Giwa's lawyer was also accused of prematurely accusing the government of Dele Giwa's murder thereby truncating the investigation into the case, Newswatch magazine in an edition of 18 November 1986, disowned Fawehimni.

The subsequent court cases instituted by Fawehinmi against the government to enable him try the case as a private prosecutor after the Director of Public Prosecution, Mrs. Eniola Fadayomi had refused to prosecute based on the evidence available were mostly unsuccessful. An excerpt of the judgement by the then Lagos State Chief Judge, Justice Candido Johnson reads thus "...Even if one considers the reasonableness of time, I would say that the incident that gave birth to the death of the late Dele Giwa is not only unique in its form but also complex and would require sufficient time to conduct detailed and balanced investigation, a report on which the appropriate authority would reasonably act. The timing here appears hasty and premature. It appears impulsive without giving reasonable time and chance for a detailed and balanced investigation into this sordid incident.
In the circumstances and having regard to the review made above, it is my ruling that this (ex-parte) application is misconceived and it is therefore dismissed. Leave to apply for mandamus is hereby refused."

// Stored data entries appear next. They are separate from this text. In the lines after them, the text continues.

definition weakly_se :: "cell \<Rightarrow> cell \<Rightarrow> bool" where
  "weakly_se c d \<longleftrightarrow> fst c \<le> fst d \<and> snd c \<le> snd d"

definition southeast_of :: "cell \<Rightarrow> cell \<Rightarrow> bool" where
  "southeast_of c d \<longleftrightarrow> weakly_se c d \<and> d \<noteq> c"

definition semistandard :: "nat list \<Rightarrow> nat list \<Rightarrow> (cell \<Rightarrow> letter) \<Rightarrow> bool" where
  "semistandard nu mu T \<longleftrightarrow>
     (\<forall>c\<in>skew_shape nu mu. 1 \<le> letter_index (T c)) \<and>
     (\<forall>c\<in>skew_shape nu mu. \<forall>d\<in>skew_shape nu mu.
        fst c = fst d \<and> snd c < snd d \<longrightarrow> T c \<le> T d) \<and>
     (\<forall>c\<in>skew_shape nu mu. \<forall>d\<in>skew_shape nu mu.
        snd c = snd d \<and> fst c < fst d \<longrightarrow> T c \<le> T d) \<and>
     (\<forall>c\<in>skew_shape nu mu. diagonal c \<longrightarrow> \<not> is_low (T c)) \<and>
     (\<forall>c\<in>skew_shape nu mu. \<forall>d\<in>skew_shape nu mu.
        snd c = snd d \<and> c \<noteq> d \<and> T c = T d \<longrightarrow> \<not> is_high (T c)) \<and>
     (\<forall>c\<in>skew_shape nu mu. \<forall>d\<in>skew_shape nu mu.
        fst c = fst d \<and> c \<noteq> d \<and> T c = T d \<longrightarrow> \<not> is_low (T c))"

text \<open>Each cell of the plane holds: nothing (Emp), a cell of the current inner
  shape mu' not carrying a bullet (Inner), a bullet (Bul), or an entry of the
  tableau together with a flag recording whether that entry has already moved.\<close>

datatype content = Emp | Inner | Bul | Ent bool letter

Fawehinmi went on to the Supreme Court and got a favourable judgement which enabled him go back to the Lagos State High Court, this judgement also mandated the Justice Candido to recuse himself from the case and appoint another judge to hear the case. On 23 February 1988, Justice Longe ruled that the two security officers, Lt. Col Tunde Togun and Col. Haliru Akilu could not be tried for the murder of Dele Giwa. In his ruling Justice Longe averred among other things that,"...the attorney general did not oppose the objection raised by counsel to the 'accused' persons, Chief Rotimi Williams, on the ground that the information was filed by private prosecutor (Chief Gani Fawehinmi) when the information had not been completed and especially when the 'INFORMATION IMPLICATED ONE OF THE PROSECUTION WITNESSES'(Kayode Soyinka)...the proof of evidence before the Court was mere HEARSAY…. Based on the evidence available before the court, it will be an abuse of the process of court to call the two security chiefs for trial. The information is therefore quashed accordingly." Kayode Soyinka was represented in court by Kayode Sofola SAN, representing the chambers of Kehinde Sofola SAN, that succeeded to getting the court to rule as frivolous the reference to Soyinka being "implicated". The court also ordered that cost be paid Soyinka by the 'accused' persons.

In 2001, General Ibrahim Babangida refused to testify before a national human rights commission about the Giwa murder. Babangida, Hakilu and Togun went to court and obtained an order restraining the commission from summoning them to appear before it. The chairman of the commission commented that the commission had the power to issue arrest warrants for the trio but decided against this "in the over-all interest of national reconciliation".

In 2008, the Nigerian government named a street in the federal capital, Abuja, after Giwa, as it had done for other activists, including Fela Anikulapo-Kuti and Ken Saro Wiwa.